- Instructions to follow:
Supply the number of lines in the data below that hold "oconj", and let that number be the whole answer.

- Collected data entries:
<<<<

(* Let $n_x,n_\beta\ge 1$, $A\in\mathbb{R}^{n_x\times n_x}$, $u\in\mathbb{R}^{n_x}$, $L\in\mathbb{R}^{n_x\times n_\beta}$, $Q_\beta\in\mathbb{R}^{n_\beta\times n_\beta}$ a diffusion (covariance) matrix, $\overline{x}_a\in\mathbb{R}^{n_x}$, $P_a\in\mathbb{R}^{n_x\times n_x}$ a covariance matrix, $\mu>0$ and $\Delta t_k>0$. For $t\ge 0$ define $$m(t)=\exp(At)\overline{x}_a+\int_0^t\exp(A\tau)\,d\tau\, u,\qquad C(t)=\exp(At)P_a\exp(A^Tt)+\int_0^t \exp(A\tau)LQ_\beta L^T\exp(A^T\tau)\,d\tau .$$ Let $T$ be a random time lag with density $p_k(t)=\frac{\mu}{1-e^{-\mu\Delta t_k}}e^{-\mu t}\chi_{[0,\Delta t_k)}(t)$, and consider the single-target birth density $p_k(x)=\int_0^{\Delta t_k}\mathcal{N}(x;m(t),C(t))p_k(t)\,dt$ (a mixture whose conditional mean and covariance given lag $t$ are $\mathrm{E}[x_k|t]=m(t)$ and $\mathrm{C}[x_k|t]=C(t)$). Then the mean of $p_k$ is $$\overline{x}_{b,k}=\mathrm{E}[m(T)]=\overline{x}_{b,k,1}+\overline{x}_{b,k,2},$$ where, with $I$ the $n_x\times n_x$ identity and $0_{m,n}$ the $m\times n$ zero matrix, $$\overline{x}_{b,k,1}=\frac{\mu}{1-e^{-\mu\Delta t_k}}\begin{bmatrix}I & 0_{n_x,1}\end{bmatrix}\exp(\overline{A}_b\Delta t_k)\begin{bmatrix}0_{n_x,1}\\1\end{bmatrix},\quad \overline{x}_{b,k,2}=\frac{\mu}{1-e^{-\mu\Delta t_k}}\begin{bmatrix}I & 0_{n_x,2}\end{bmatrix}\exp(\overline{A}_{b,u}\Delta t_k)\begin{bmatrix}0_{n_x+1,1}\\1\end{bmatrix},$$ $$\overline{A}_b=\begin{bmatrix}A-\mu I & \overline{x}_a\\ 0_{1,n_x} & 0\end{bmatrix},\qquad \overline{A}_{b,u}=\begin{bmatrix}A-\mu I & u & 0_{n_x,1}\\ 0_{1,n_x} & -\mu & 1\\ 0_{1,n_x} & 0 & 0\end{bmatrix}.$$ The covariance matrix of $p_k$ is $P_{b,k}=\mathrm{C}[m(T)]+\mathrm{E}[C(T)]$, where $$\mathrm{E}[C(T)]=-\frac{e^{-\mu\Delta t_k}}{1-e^{-\mu\Delta t_k}}\int_0^{\Delta t_k}\exp(A\tau)LQ_\beta L^T\exp(A^T\tau)\,d\tau+\frac{1}{1-e^{-\mu\Delta t_k}}\int_0^{\Delta t_k}\exp\big((A-\tfrac{\mu}{2}I)t\big)C_b\exp\big((A-\tfrac{\mu}{2}I)^Tt\big)\,dt,$$ with $C_b=LQ_\beta L^T+\mu P_a$, and $$\mathrm{C}[m(T)]=\Sigma_{xx}+\Sigma_{xu}+\Sigma_{xu}^T+\Sigma_{uu}-\overline{x}_{b,k}\overline{x}_{b,k}^T,$$ where $$\Sigma_{xx}=\frac{\mu}{1-e^{-\mu\Delta t_k}}\int_0^{\Delta t_k}\exp\big((A-\tfrac{\mu}{2}I)t\big)\overline{x}_a\overline{x}_a^T\exp\big((A-\tfrac{\mu}{2}I)^Tt\big)dt,$$ $$\Sigma_{xu}=\frac{\mu}{1-e^{-\mu\Delta t_k}}\int_0^{\Delta t_k}\exp\big((A-\mu I)t\big)\overline{x}_a u^T\Big(\int_0^t\exp(A^T\tau)d\tau\Big)dt,$$ $\Sigma_{uu}=-\Sigma_{uu,1}+\Sigma_{uu,2}+\Sigma_{uu,2}^T$, $$\Sigma_{uu,1}=\frac{e^{-\mu\Delta t_k}}{1-e^{-\mu\Delta t_k}}\int_0^{\Delta t_k}\exp(A\tau)d\tau\, uu^T\int_0^{\Delta t_k}\exp(A^T\tau)d\tau,$$ $$\Sigma_{uu,2}=\frac{1}{1-e^{-\mu\Delta t_k}}\int_0^{\Delta t_k}\exp\big((A-\mu I)t\big)uu^T\Big(\int_0^t\exp(A^T\tau)d\tau\Big)dt.$$
   Context: This arises from a continuous-time multi-target model: targets appear at times of a Poisson process, each appearing target is distributed as $\mathcal{N}(\overline{x}_a,P_a)$ at appearance, its life span is exponential with rate $\mu$, and it moves according to the linear time-invariant SDE $dx(t)=Ax(t)dt+u\,dt+L\,d\beta(t)$ with $\beta$ a Brownian motion with diffusion matrix $Q_\beta$. A target newly born at measurement time $t_k$ (with $\Delta t_k=t_k-t_{k-1}$) is one that appeared at time $t_k-t$ with lag $t\in[0,\Delta t_k)$ and is still alive at $t_k$; the lag has the truncated exponential density $p_k(t)$ above and, given the lag, the target state at $t_k$ is Gaussian with mean $m(t)$ and covariance $C(t)$. $\chi_{[0,\Delta t_k)}$ is the indicator function of $[0,\Delta t_k)$. *)

theory Defs
  imports "HOL-Analysis.Analysis" "HOL-Probability.Probability"
begin
definition phase :: "nat \<Rightarrow> real" where
  "phase i = (if i = 0 then 0 else if i \<le> J then a i else if i \<le> 2*J then - a (i - J) else pi)"

lemma component_cases:
  assumes "i \<le> 2*J+1"
  obtains "i = 0" "coeff i = d0" "vec i = w0" "phase i = 0"
  | j where "j \<in> {1..J}" "0 < a j" "a j < pi"
      "i = j" "coeff i = d j" "vec i = wp j" "phase i = a j"
  | j where "j \<in> {1..J}" "0 < a j" "a j < pi"
      "i = J + j" "coeff i = d j" "vec i = (\<lambda>x. cnj (wp j x))" "phase i = - a j"
  | "i = 2*J+1" "coeff i = dm1" "vec i = wm1" "phase i = pi"
proof -
  consider "i = 0" | "i \<in> {1..J}" | "J < i" "i \<le> 2*J" | "i = 2*J+1"
    using assms by fastforce
  then show thesis
  proof cases
    case 3
    then have "i - J \<in> {1..J}" "i = J + (i - J)" by auto
    with 3 show thesis using that(3)[of "i - J"] angle_bounds by (simp add: coeff_def vec_def phase_def)
  qed (use that angle_bounds in \<open>auto simp: coeff_def vec_def phase_def\<close>)
qed
text \<open>Before the attraction time \<open>T\<close> the orbit is kept in the zone by Lipschitz continuity,
  afterwards by attraction.\<close>
lemma funpow_phi_stays_in_zone:
  obtains \<rho> where "0 < \<rho>"
    "\<forall>y\<in>simplex_d d. (\<forall>i\<in>{1..d}. \<bar>y i - mstar i\<bar> \<le> \<rho>) \<longrightarrow> (\<forall>t. s_of d \<alpha> ((\<Phi> ^^ t) y) = sstar)"
proof -
  obtain \<rho>0 where \<rho>0: "0 < \<rho>0"
    and zone: "\<forall>m\<in>simplex_d d. (\<forall>i\<in>{1..d}. \<bar>m i - mstar i\<bar> \<le> \<rho>0) \<longrightarrow> s_of d \<alpha> m = sstar"
    by (rule zone_nbhd)
  obtain T where T: "\<forall>t\<ge>T. \<forall>m\<in>simplex_d d. \<forall>i\<in>{1..d}. \<bar>(\<Phi> ^^ t) m i - mstar i\<bar> \<le> \<rho>0"
    using attractorE[OF \<rho>0] .
  have "1 * 1 \<le> lip" using d_ge_1 by (intro mult_mono) auto
  then have lip: "1 \<le> lip" by simp
  define \<rho> where "\<rho> = \<rho>0 / lip ^ T"
  have \<rho>: "0 < \<rho>" "lip ^ T * \<rho> = \<rho>0" using \<rho>0 lip d_ge_1 by (simp_all add: \<rho>_def)
  have "s_of d \<alpha> ((\<Phi> ^^ t) y) = sstar"
    if y: "y \<in> simplex_d d" and close: "\<forall>i\<in>{1..d}. \<bar>y i - mstar i\<bar> \<le> \<rho>" for y t
  proof (cases "T \<le> t")
    case True then show ?thesis using T zone funpow_phi_simplex[OF y] y by blast
  next
    case False
    have "\<bar>(\<Phi> ^^ t) y i - mstar i\<bar> \<le> \<rho>0" if i: "i \<in> {1..d}" for i
    proof -
      have "\<bar>(\<Phi> ^^ t) y i - (\<Phi> ^^ t) mstar i\<bar> \<le> lip ^ t * \<rho>"
        using funpow_phi_lipschitz[OF y mstar_simplex close _ i] \<rho> by simp
      moreover have "(\<Phi> ^^ t) mstar i = mstar i"
        using funpow_phi_fixed_point[OF mstar_simplex mstar_fixed] i by blast
      moreover have "lip ^ t * \<rho> \<le> lip ^ T * \<rho>"
        using False lip \<rho> by (intro mult_right_mono power_increasing) auto
      ultimately show ?thesis using \<rho> by simp
    qed
    then show ?thesis using zone funpow_phi_simplex[OF y] by blast
  qed
  then show ?thesis using \<rho> that by blast
qed
(* Let $k_1,k_2\ge0$, $\beta\in W(k_1,k_2)$ and $T\in J\otimes\mathbb{C}$. Then $\{P_{k_1,k_2}(T),\beta\}$ lies in $S^{[k_1,k_2]}$, the kernel of the contraction map $S^{k_1}(V_3)\otimes S^{k_2}(\wedge^2V_3)\to S^{k_1-1}(V_3)\otimes S^{k_2-1}(\wedge^2V_3)\otimes\det(V_3)$ induced by $V_3\otimes\wedge^2V_3\to\wedge^3V_3=\det(V_3)$ (the highest weight submodule).
   Context: $\Theta$ is the rational positive definite octonions with trace form $(a,b)=\mathrm{tr}(ab^* )$; $V_7=\Theta^0$ the trace-zero octonions; $J=H_3(\Theta)$ with off-diagonal entries $a_1,a_2,a_3$ (in positions $(2,3),(3,1),(1,2)$ up to conjugation). $V_3$ is a 3-dimensional complex space with basis $v_1,v_2,v_3$, $\mathcal{P}:J\to V_3\otimes V_7$, $\mathcal{P}(T)=\sum_i v_i\otimes(a_i-\frac12\mathrm{tr}(a_i))$, and $P_{k_1,k_2}(T)$ is the image of $\mathcal{P}(T)^{\otimes(k_1+2k_2)}$ in $S^{k_1}(V_3)\otimes V_7^{\otimes k_1}\otimes S^{k_2}(\wedge^2V_3)\otimes(\wedge^2V_7)^{\otimes k_2}$ (symmetrizing the first $k_1$ factors and wedging the remaining factors in consecutive pairs, $(v\otimes x)\otimes(v'\otimes x')\mapsto(v\wedge v')\otimes(x\wedge x')$, then symmetrizing). $W(k_1,k_2)\subset V_7^{\otimes k_1}\otimes(\wedge^2V_7)^{\otimes k_2}\otimes\mathbb{C}$ is the irreducible $G_2(\mathbb{C})$-representation of highest weight $k_1\omega_1+k_2\omega_2$ generated by $v_{\omega_1}^{\otimes k_1}\otimes v_{\omega_2}^{\otimes k_2}$ (highest weight vectors of $V_7$ and of $\mathfrak{g}_2\subset\wedge^2V_7$ for a common Borel). $\{\cdot,\beta\}$ contracts the $V_7$-tensor factors against $\beta$ using the trace form on $V_7$ and its induced form on $\wedge^2V_7$, producing an element of $S^{k_1}(V_3)\otimes S^{k_2}(\wedge^2V_3)$. *)

theory Defs
  imports Complex_Main "HOL-Combinatorics.Permutations"
begin

text \<open>A complexified octonion is represented by its coordinates w.r.t. the standard
basis e0 = 1, e1, ..., e7: a function nat => complex of which only the values at
0..7 are meaningful (genuine octonions vanish at indices >= 8).
The multiplication is the Cayley octonion table: e_i e_i = -1 for i = 1..7 and
e_i e_(i+1) = e_(i+3) (indices mod 7), i.e. the oriented lines of the Fano plane
below. This is the (positive definite) octonion algebra, tensored with C.\<close>

type_synonym oct = "nat \<Rightarrow> complex"

definition oct_space :: "oct set" where
  "oct_space = {x. \<forall>k\<ge>8. x k = 0}"

definition fano :: "(nat \<times> nat \<times> nat) list" where
  "fano = [(1,2,4),(2,3,5),(3,4,6),(4,5,7),(5,6,1),(6,7,2),(7,1,3)]"

definition is_triple :: "nat \<Rightarrow> nat \<Rightarrow> nat \<Rightarrow> bool" where
  "is_triple a b c \<longleftrightarrow> (a,b,c) \<in> set fano \<or> (b,c,a) \<in> set fano \<or> (c,a,b) \<in> set fano"

definition sc :: "nat \<Rightarrow> nat \<Rightarrow> nat \<Rightarrow> complex" where
  "sc i j k =
     (if i = 0 then (if j = k then 1 else 0)
      else if j = 0 then (if i = k then 1 else 0)
      else if i = j then (if k = 0 then -1 else 0)
      else if is_triple i j k then 1
      else if is_triple j i k then -1
      else 0)"

definition omul :: "oct \<Rightarrow> oct \<Rightarrow> oct" where
  "omul x y = (\<lambda>k. \<Sum>i<8. \<Sum>j<8. x i * y j * sc i j k)"

definition oone :: oct where
  "oone = (\<lambda>k. if k = 0 then 1 else 0)"

definition ozero :: oct where
  "ozero = (\<lambda>k. 0)"

definition obasis :: "nat \<Rightarrow> oct" where
  "obasis m = (\<lambda>k. if k = m then 1 else 0)"

definition oconj :: "oct \<Rightarrow> oct" where
  "oconj a = (\<lambda>k. if k = 0 then a 0 else - a k)"

definition otr :: "oct \<Rightarrow> complex" where
  "otr a = a 0 + oconj a 0"

definition tform :: "oct \<Rightarrow> oct \<Rightarrow> complex" where
  "tform a b = otr (omul a (oconj b))"

definition oim :: "oct \<Rightarrow> oct" where
  "oim a = (\<lambda>k. a k - (otr a / 2) * oone k)"

definition V7 :: "oct set" where
  "V7 = {x \<in> oct_space. otr x = 0}"

definition oact :: "(nat \<Rightarrow> nat \<Rightarrow> complex) \<Rightarrow> oct \<Rightarrow> oct" where
  "oact g x = (\<lambda>k. \<Sum>j<8. g k j * x j)"

definition G2C :: "(nat \<Rightarrow> nat \<Rightarrow> complex) set" where
  "G2C = {g. bij_betw (oact g) oct_space oct_space \<and>
             (\<forall>x\<in>oct_space. \<forall>y\<in>oct_space. oact g (omul x y) = omul (oact g x) (oact g y))}"

definition idx :: "nat set \<Rightarrow> nat \<Rightarrow> nat list set" where
  "idx D n = {xs. length xs = n \<and> set xs \<subseteq> D}"

text \<open>V7 has basis e1..e7 (indices 1..7), V3 has basis v1,v2,v3 (indices 0,1,2),
and wedge^2 V3 has basis w_p = v_(p+1) wedge v_(p+2) (indices mod 3).
An element of V7^(tensor n) tensor C is a function on idx {1..7} n.
The space V7^(tensor k1) tensor (wedge^2 V7)^(tensor k2) is realised inside
V7^(tensor (k1+2k2)) via  x wedge y |-> x tensor y - y tensor x  on each
consecutive pair of the last 2 k2 factors.\<close>

definition idx7 :: "nat \<Rightarrow> nat list set" where
  "idx7 n = idx {1..7} n"

definition idx3 :: "nat \<Rightarrow> nat list set" where
  "idx3 n = idx {0..2} n"

definition tact :: "(nat \<Rightarrow> nat \<Rightarrow> complex) \<Rightarrow> (nat list \<Rightarrow> complex) \<Rightarrow> nat list \<Rightarrow> complex" where
  "tact g t m = (\<Sum>j\<in>idx7 (length m). (\<Prod>a<length m. g (m!a) (j!a)) * t j)"

text \<open>the tensor x1 (x) ... (x) xk1 (x) (y1 wedge z1) (x) ... (x) (yk2 wedge zk2),
realised as above; xs, ys, zs give the vectors\<close>
definition pure_tensor ::
  "nat \<Rightarrow> nat \<Rightarrow> (nat \<Rightarrow> oct) \<Rightarrow> (nat \<Rightarrow> oct) \<Rightarrow> (nat \<Rightarrow> oct) \<Rightarrow> nat list \<Rightarrow> complex" where
  "pure_tensor k1 k2 xs ys zs m =
     (\<Prod>a<k1. xs a (m!a)) *
     (\<Prod>b<k2. ys b (m!(k1+2*b)) * zs b (m!(k1+2*b+1))
             - zs b (m!(k1+2*b)) * ys b (m!(k1+2*b+1)))"

text \<open>highest weight vector v_omega1^(tensor k1) (x) v_omega2^(tensor k2), where
v_omega1 = u1 and v_omega2 = u1 wedge u2\<close>
definition hw_vec :: "oct \<Rightarrow> oct \<Rightarrow> nat \<Rightarrow> nat \<Rightarrow> nat list \<Rightarrow> complex" where
  "hw_vec u1 u2 k1 k2 = pure_tensor k1 k2 (\<lambda>_. u1) (\<lambda>_. u1) (\<lambda>_. u2)"

text \<open>Highest weight vectors of V7 and of g2 inside wedge^2 V7 for a common Borel:
u1 spans the Borel-fixed (null) line and u1 wedge u2 the highest root line,
where span{u1,u2} is a 2-dimensional null subalgebra (all products vanish).
The pairs (C u1, span{u1,u2}) of this kind are exactly the flags fixed by Borel
subgroups of G2(C) (G2/B).\<close>
definition hw_pair :: "oct \<Rightarrow> oct \<Rightarrow> bool" where
  "hw_pair u1 u2 \<longleftrightarrow> u1 \<in> V7 \<and> u2 \<in> V7 \<and>
     (\<forall>c1 c2. (\<forall>k. c1 * u1 k + c2 * u2 k = 0) \<longrightarrow> c1 = 0 \<and> c2 = 0) \<and>
     omul u1 u1 = ozero \<and> omul u1 u2 = ozero \<and> omul u2 u1 = ozero \<and> omul u2 u2 = ozero"

text \<open>W(k1,k2): the G2(C)-submodule generated by the highest weight vector,
i.e. the linear span of its G2(C)-orbit\<close>
definition Wrep :: "oct \<Rightarrow> oct \<Rightarrow> nat \<Rightarrow> nat \<Rightarrow> (nat list \<Rightarrow> complex) set" where
  "Wrep u1 u2 k1 k2 =
     {\<beta>. \<exists>G c. finite G \<and> G \<subseteq> G2C \<and>
          (\<forall>m. \<beta> m = (\<Sum>g\<in>G. c g * tact g (hw_vec u1 u2 k1 k2) m))}"

text \<open>T in H_3(octonions) tensor C, as a 3x3 matrix (indices 0,1,2) of complex
octonions, Hermitian w.r.t. octonion conjugation, with scalar diagonal.\<close>
definition JC :: "(nat \<Rightarrow> nat \<Rightarrow> oct) set" where
  "JC = {T. (\<forall>i<3. \<forall>j<3. T i j \<in> oct_space \<and> T i j = oconj (T j i)) \<and>
            (\<forall>i<3. \<forall>k\<in>{1..7}. T i i k = 0)}"

text \<open>off-diagonal entries a1, a2, a3 in positions (2,3), (3,1), (1,2)\<close>
definition offdiag :: "(nat \<Rightarrow> nat \<Rightarrow> oct) \<Rightarrow> nat \<Rightarrow> oct" where
  "offdiag T i = (if i = 0 then T 1 2 else if i = 1 then T 2 0 else T 0 1)"

text \<open>P(T) = sum_i v_i (x) x_i with x_i = a_i - tr(a_i)/2\<close>
definition Pvec :: "(nat \<Rightarrow> nat \<Rightarrow> oct) \<Rightarrow> nat \<Rightarrow> oct" where
  "Pvec T i = oim (offdiag T i)"

text \<open>Pairing of V7^(tensor k1) (x) (wedge^2 V7)^(tensor k2) with itself: trace form
on V7 factors, induced (determinant) form on wedge^2 V7 factors.  In the
realisation above the induced form is 1/2 of the tensor form on each pair.\<close>
definition pairing :: "nat \<Rightarrow> nat \<Rightarrow> (nat list \<Rightarrow> complex) \<Rightarrow> (nat list \<Rightarrow> complex) \<Rightarrow> complex" where
  "pairing k1 k2 s t =
     (1/2)^k2 * (\<Sum>m\<in>idx7 (k1+2*k2). \<Sum>m'\<in>idx7 (k1+2*k2).
        s m * t m' * (\<Prod>a<k1+2*k2. tform (obasis (m!a)) (obasis (m'!a))))"

text \<open>Levi-Civita symbol on {0,1,2}: v_j wedge v_l = sum_p eps j l p * w_p\<close>
definition eps3 :: "nat \<Rightarrow> nat \<Rightarrow> nat \<Rightarrow> complex" where
  "eps3 j l p = (if (j,l,p) \<in> {(0,1,2),(1,2,0),(2,0,1)} then 1
                 else if (j,l,p) \<in> {(1,0,2),(2,1,0),(0,2,1)} then -1 else 0)"

text \<open>{P_{k1,k2}(T), beta} written as a (not yet symmetrised) tensor in
V3^(tensor k1) (x) (wedge^2 V3)^(tensor k2) (coordinates r in idx3 k1 for the V3
factors, s in idx3 k2 for the wedge^2 V3 factors w.r.t. the basis w_p).
P(T)^(tensor n) = sum over i in idx3 n of (v_i1 (x) x_i1) (x) ... ; the V3 parts
of the last 2 k2 factors are wedged in consecutive pairs, and the V7 parts are
paired against beta.\<close>
definition PT_beta :: "nat \<Rightarrow> nat \<Rightarrow> (nat \<Rightarrow> nat \<Rightarrow> oct) \<Rightarrow> (nat list \<Rightarrow> complex)
                       \<Rightarrow> nat list \<Rightarrow> nat list \<Rightarrow> complex" where
  "PT_beta k1 k2 T \<beta> r s =
     (\<Sum>i\<in>idx3 (k1+2*k2).
        (if take k1 i = r then 1 else 0) *
        (\<Prod>b<k2. eps3 (i!(k1+2*b)) (i!(k1+2*b+1)) (s!b)) *
        pairing k1 k2
          (pure_tensor k1 k2 (\<lambda>a. Pvec T (i!a)) (\<lambda>b. Pvec T (i!(k1+2*b)))
                              (\<lambda>b. Pvec T (i!(k1+2*b+1)))) \<beta>)"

>>>>

- Response to this exercise:
5